[Data excerpts]
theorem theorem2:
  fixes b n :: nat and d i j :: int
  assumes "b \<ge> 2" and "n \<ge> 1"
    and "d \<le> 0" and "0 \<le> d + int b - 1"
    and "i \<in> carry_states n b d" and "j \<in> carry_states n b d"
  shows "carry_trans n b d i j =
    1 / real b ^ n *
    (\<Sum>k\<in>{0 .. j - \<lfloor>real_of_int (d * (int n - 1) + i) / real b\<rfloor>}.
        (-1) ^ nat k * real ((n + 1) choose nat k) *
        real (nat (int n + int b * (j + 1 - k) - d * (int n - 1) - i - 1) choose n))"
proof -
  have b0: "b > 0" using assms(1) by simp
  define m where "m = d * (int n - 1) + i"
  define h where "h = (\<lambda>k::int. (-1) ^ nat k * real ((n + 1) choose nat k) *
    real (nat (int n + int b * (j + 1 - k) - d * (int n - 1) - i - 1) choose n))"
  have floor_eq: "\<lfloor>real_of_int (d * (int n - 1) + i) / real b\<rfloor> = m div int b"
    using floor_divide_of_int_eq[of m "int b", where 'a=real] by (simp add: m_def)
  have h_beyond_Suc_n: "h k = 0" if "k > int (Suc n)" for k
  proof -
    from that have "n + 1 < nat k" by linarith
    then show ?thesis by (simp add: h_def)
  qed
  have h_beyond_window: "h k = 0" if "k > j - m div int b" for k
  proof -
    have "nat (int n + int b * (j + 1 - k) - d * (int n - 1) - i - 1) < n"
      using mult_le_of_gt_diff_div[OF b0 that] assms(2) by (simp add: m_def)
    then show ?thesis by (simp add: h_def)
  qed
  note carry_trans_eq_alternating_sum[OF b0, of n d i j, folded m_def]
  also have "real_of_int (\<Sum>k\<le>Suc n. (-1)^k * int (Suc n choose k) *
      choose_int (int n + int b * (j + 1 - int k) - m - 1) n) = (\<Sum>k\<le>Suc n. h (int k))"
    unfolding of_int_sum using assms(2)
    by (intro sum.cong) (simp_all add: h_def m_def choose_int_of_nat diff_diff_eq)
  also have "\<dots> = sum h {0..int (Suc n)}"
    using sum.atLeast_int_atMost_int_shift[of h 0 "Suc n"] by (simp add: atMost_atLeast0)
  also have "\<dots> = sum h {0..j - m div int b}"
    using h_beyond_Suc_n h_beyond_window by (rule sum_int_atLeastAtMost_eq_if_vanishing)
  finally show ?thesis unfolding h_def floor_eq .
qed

> [REQUIRED ACTION] Copy the entries exactly, leaving no line out.

> [ANSWER FOR THIS EXERCISE]
theorem theorem2:
  fixes b n :: nat and d i j :: int
  assumes "b \<ge> 2" and "n \<ge> 1"
    and "d \<le> 0" and "0 \<le> d + int b - 1"
    and "i \<in> carry_states n b d" and "j \<in> carry_states n b d"
  shows "carry_trans n b d i j =
    1 / real b ^ n *
    (\<Sum>k\<in>{0 .. j - \<lfloor>real_of_int (d * (int n - 1) + i) / real b\<rfloor>}.
        (-1) ^ nat k * real ((n + 1) choose nat k) *
        real (nat (int n + int b * (j + 1 - k) - d * (int n - 1) - i - 1) choose n))"
proof -
  have b0: "b > 0" using assms(1) by simp
  define m where "m = d * (int n - 1) + i"
  define h where "h = (\<lambda>k::int. (-1) ^ nat k * real ((n + 1) choose nat k) *
    real (nat (int n + int b * (j + 1 - k) - d * (int n - 1) - i - 1) choose n))"
  have floor_eq: "\<lfloor>real_of_int (d * (int n - 1) + i) / real b\<rfloor> = m div int b"
    using floor_divide_of_int_eq[of m "int b", where 'a=real] by (simp add: m_def)
  have h_beyond_Suc_n: "h k = 0" if "k > int (Suc n)" for k
  proof -
    from that have "n + 1 < nat k" by linarith
    then show ?thesis by (simp add: h_def)
  qed
  have h_beyond_window: "h k = 0" if "k > j - m div int b" for k
  proof -
    have "nat (int n + int b * (j + 1 - k) - d * (int n - 1) - i - 1) < n"
      using mult_le_of_gt_diff_div[OF b0 that] assms(2) by (simp add: m_def)
    then show ?thesis by (simp add: h_def)
  qed
  note carry_trans_eq_alternating_sum[OF b0, of n d i j, folded m_def]
  also have "real_of_int (\<Sum>k\<le>Suc n. (-1)^k * int (Suc n choose k) *
      choose_int (int n + int b * (j + 1 - int k) - m - 1) n) = (\<Sum>k\<le>Suc n. h (int k))"
    unfolding of_int_sum using assms(2)
    by (intro sum.cong) (simp_all add: h_def m_def choose_int_of_nat diff_diff_eq)
  also have "\<dots> = sum h {0..int (Suc n)}"
    using sum.atLeast_int_atMost_int_shift[of h 0 "Suc n"] by (simp add: atMost_atLeast0)
  also have "\<dots> = sum h {0..j - m div int b}"
    using h_beyond_Suc_n h_beyond_window by (rule sum_int_atLeastAtMost_eq_if_vanishing)
  finally show ?thesis unfolding h_def floor_eq .
qed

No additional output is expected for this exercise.